The young girl here distracted her mother’s attention by the ferocity with which she was scratching mosquito bites on her plump legs.

“Hettie!” cried Mrs. Wilmott. “Stop it!”

“I can’t,” returned Hettie, in a hoarse whimpering voice. “They itch.”

“What if they do! No lady would scratch her limbs under any circumstances.”

“Can I go into the fence corner to scratch them?”

“No. I say no, Hettie.”

“They itch.”

“I say no. That is final.” Mrs. Wilmott turned to Adeline. “I was about to ask you your name and where Mr. Wilmott went from here, but this child has me at my wit’s end with her disabilities. Since we left England she has suffered in turn from train sickness, seasickness, mumps, dyspepsia, hives, ingrowing toenails, sties, and now it is bites.”

“They itch,” said Hettie.

“Of course they itch!” exclaimed Mrs. Wilmott, in complete exasperation. “What else are they for?”

“I hate midges.”

“Well, hate them or not, you are to stop scratching.” Again she turned her eyes questioningly to Adeline.

“I am Mrs. White,” Adeline answered, swallowing the last syllable of the name. “My husband and I came over on the same ship with Mr. Wilmott. We saw a good deal of him.”

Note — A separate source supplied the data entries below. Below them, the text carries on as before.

(* Let $\Lambda$ be a lattice of rank $s$ with basis $\mathcal V=(v_1,\ldots,v_s)$, and let $\bar a=(a_1,\ldots,a_t)\in(\mathcal F^0(\Lambda,\bar K))^t$. The bijection $\mathrm{Char}(\Lambda,\bar K^\times)\to(\bar K^\times)^s$, $g^\vee\mapsto(g^\vee(v_1),\ldots,g^\vee(v_s))$, restricts to a bijection from the set of $\bar a$-harmonic characters of $\Lambda$ onto $\Sigma_{\bar a,\mathcal V}$. Moreover, for every $\bar n=(n_1,\ldots,n_s)$ with all $n_i$ positive integers coprime to $p$, there are bijections $$\Sigma_{\bar a,\mathcal V}\cap\mu_{\bar n}\ \cong\ \{\bar a_*\text{-harmonic characters of }G_{\bar n,\mathcal V}\}\ \cong\ V(\bar a_* ),$$ and consequently $d(\bar a,\Lambda_{\bar n,\mathcal V})=\mathrm{card}\,V(\bar a_* )=\mathrm{card}\,(\Sigma_{\bar a,\mathcal V}\cap\mu_{\bar n})$.
   Context: $K=\mathrm{GF}(p^r)$, $\bar K$ an algebraic closure. A lattice is a free abelian group of finite rank. For an abelian group $G$, $\mathcal F(G,\bar K)$ (resp. $\mathcal F^0(G,\bar K)$) is the space of all (resp. finitely supported) functions $G\to\bar K$; $(f*a)(g)=\sum_h f(h)a(g-h)$, $\Delta_af=f*a$. $\mathrm{Char}(\Lambda,\bar K^\times)$ is the set of homomorphisms $\Lambda\to\bar K^\times$; a function or character $f$ is $\bar a$-harmonic if $f*a_j=0$ for all $j$. The symbol of $a\in\mathcal F^0(\Lambda,\bar K)$ is the Laurent polynomial $\sigma_{a,\mathcal V}=\sum_{v=\sum_i\alpha_iv_i\in\Lambda}a(v)x_1^{-\alpha_1}\cdots x_s^{-\alpha_s}$, and $\Sigma_{\bar a,\mathcal V}=\{\xi\in(\bar K^\times)^s:\sigma_{a_j,\mathcal V}(\xi)=0,\ j=1,\ldots,t\}$. $\mu_{\bar n}=\{\xi\in(\bar K^\times)^s:\xi_i^{n_i}=1\ \forall i\}$. $\Lambda_{\bar n,\mathcal V}=\sum_i n_i\mathbb Z v_i$, $G_{\bar n,\mathcal V}=\Lambda/\Lambda_{\bar n,\mathcal V}$, $\pi:\Lambda\to G_{\bar n,\mathcal V}$ the projection, and $(a_j)_*\in\mathcal F(G_{\bar n,\mathcal V},\bar K)$, $(a_j)_*(c)=\sum_{v\in\pi^{-1}(c)}a_j(v)$; $\bar a_*=((a_1)_*,\ldots,(a_t)_* )$. For $G=G_{\bar n,\mathcal V}$, $G^\vee$ is the group of characters $G\to\bar K^\times$, $\hat b(g^\vee)=\sum_{g\in G}b(g)g^\vee(g)$, and $V(\bar a_* )=\{g^\vee\in G^\vee:\widehat{(a_j)_*}(g^\vee)=0\ \forall j\}$. For a finite-index sublattice $\Lambda'$, $d(\bar a,\Lambda')=\dim\bigcap_j\ker\big(\Delta_{a_j}|_{\mathcal F_{\Lambda'}(\Lambda,\bar K)}\big)$, where $\mathcal F_{\Lambda'}(\Lambda,\bar K)$ is the space of $\Lambda'$-periodic functions. *)

theory Defs
  imports "HOL-Computational_Algebra.Polynomial" "HOL-Library.Function_Algebras"
          "HOL-Library.FuncSet"
begin

text \<open>An algebraic closure of GF(p^r) is (up to isomorphism) exactly an algebraically closed
  field of characteristic p all of whose elements are algebraic over the prime field.\<close>
definition alg_closure_of_Fp :: "nat \<Rightarrow> 'k::field itself \<Rightarrow> bool" where
  "alg_closure_of_Fp p _ \<longleftrightarrow>
     prime p \<and> CHAR('k) = p \<and>
     (\<forall>q::'k poly. degree q > 0 \<longrightarrow> (\<exists>x. poly q x = 0)) \<and>
     (\<forall>x::'k. \<exists>q::'k poly. q \<noteq> 0 \<and> (\<forall>i. coeff q i \<in> range of_nat) \<and> poly q x = 0)"

definition zsmul :: "int \<Rightarrow> 'a::ab_group_add \<Rightarrow> 'a" where
  "zsmul k x = (if 0 \<le> k then (\<Sum>_<nat k. x) else - (\<Sum>_<nat (-k). x))"

definition is_lattice_basis :: "nat \<Rightarrow> (nat \<Rightarrow> 'l::ab_group_add) \<Rightarrow> bool" where
  "is_lattice_basis s v \<longleftrightarrow>
     (\<forall>x. \<exists>!\<alpha>::nat \<Rightarrow> int. (\<forall>i\<ge>s. \<alpha> i = 0) \<and> x = (\<Sum>i<s. zsmul (\<alpha> i) (v i)))"

definition coords :: "nat \<Rightarrow> (nat \<Rightarrow> 'l::ab_group_add) \<Rightarrow> 'l \<Rightarrow> nat \<Rightarrow> int" where
  "coords s v x = (THE \<alpha>. (\<forall>i\<ge>s. \<alpha> i = 0) \<and> x = (\<Sum>i<s. zsmul (\<alpha> i) (v i)))"

definition fin_supp :: "('l \<Rightarrow> 'k::zero) \<Rightarrow> bool" where
  "fin_supp a \<longleftrightarrow> finite {x. a x \<noteq> 0}"

definition conv :: "('l::ab_group_add \<Rightarrow> 'k::comm_ring) \<Rightarrow> ('l \<Rightarrow> 'k) \<Rightarrow> 'l \<Rightarrow> 'k" where
  "conv f a g = (\<Sum>h\<in>{h. a (g - h) \<noteq> 0}. f h * a (g - h))"

definition harmonic :: "('l::ab_group_add \<Rightarrow> 'k::comm_ring) list \<Rightarrow> ('l \<Rightarrow> 'k) \<Rightarrow> bool" where
  "harmonic as f \<longleftrightarrow> (\<forall>a\<in>set as. conv f a = 0)"

definition is_char :: "('l::ab_group_add \<Rightarrow> 'k::field) \<Rightarrow> bool" where
  "is_char \<chi> \<longleftrightarrow> (\<forall>x y. \<chi> (x + y) = \<chi> x * \<chi> y) \<and> (\<forall>x. \<chi> x \<noteq> 0)"

text \<open>Points of \<open>(K\<^sup>\<times>)\<^sup>s\<close>, represented as functions on \<open>nat\<close> equal to 1 from index s on.\<close>
definition torus :: "nat \<Rightarrow> (nat \<Rightarrow> 'k::field) set" where
  "torus s = {\<xi>. (\<forall>i<s. \<xi> i \<noteq> 0) \<and> (\<forall>i\<ge>s. \<xi> i = 1)}"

“Oh, how fortunate that I should find you! How did my husband conduct himself on the voyage?”

“Very miserable,” said Adeline.

“Did he speak of his family?”

“Never a word.”

“Dear, dear! How unfeeling of him! Dear me! What a man! And he has left this place, you say?”

“Some time ago.”

“Where did he go? Wherever it is I shall follow him.”

“He left in the darkness of night, with no word to anyone, but ’tis said he went to Mexico and died of a fever there. Now, I can give you the address of the two Irish gentlemen who are staying in New York and who can tell you much more about him than I can. If any two men on this continent can help you to discover what the true end of your husband was, these are the two.”

“He died!” cried Mrs. Wilmott, on a note of frustration. “You say he died! Oh, surely not. He never had a day’s illness in his life. He can’t be dead.”

“’Tis said he died in Mexico,” said Adeline, plucking a handful of grass.

“Who says so?”

“The word came and went. I cannot remember who said it first.”

“I must talk to these people. Who are they?”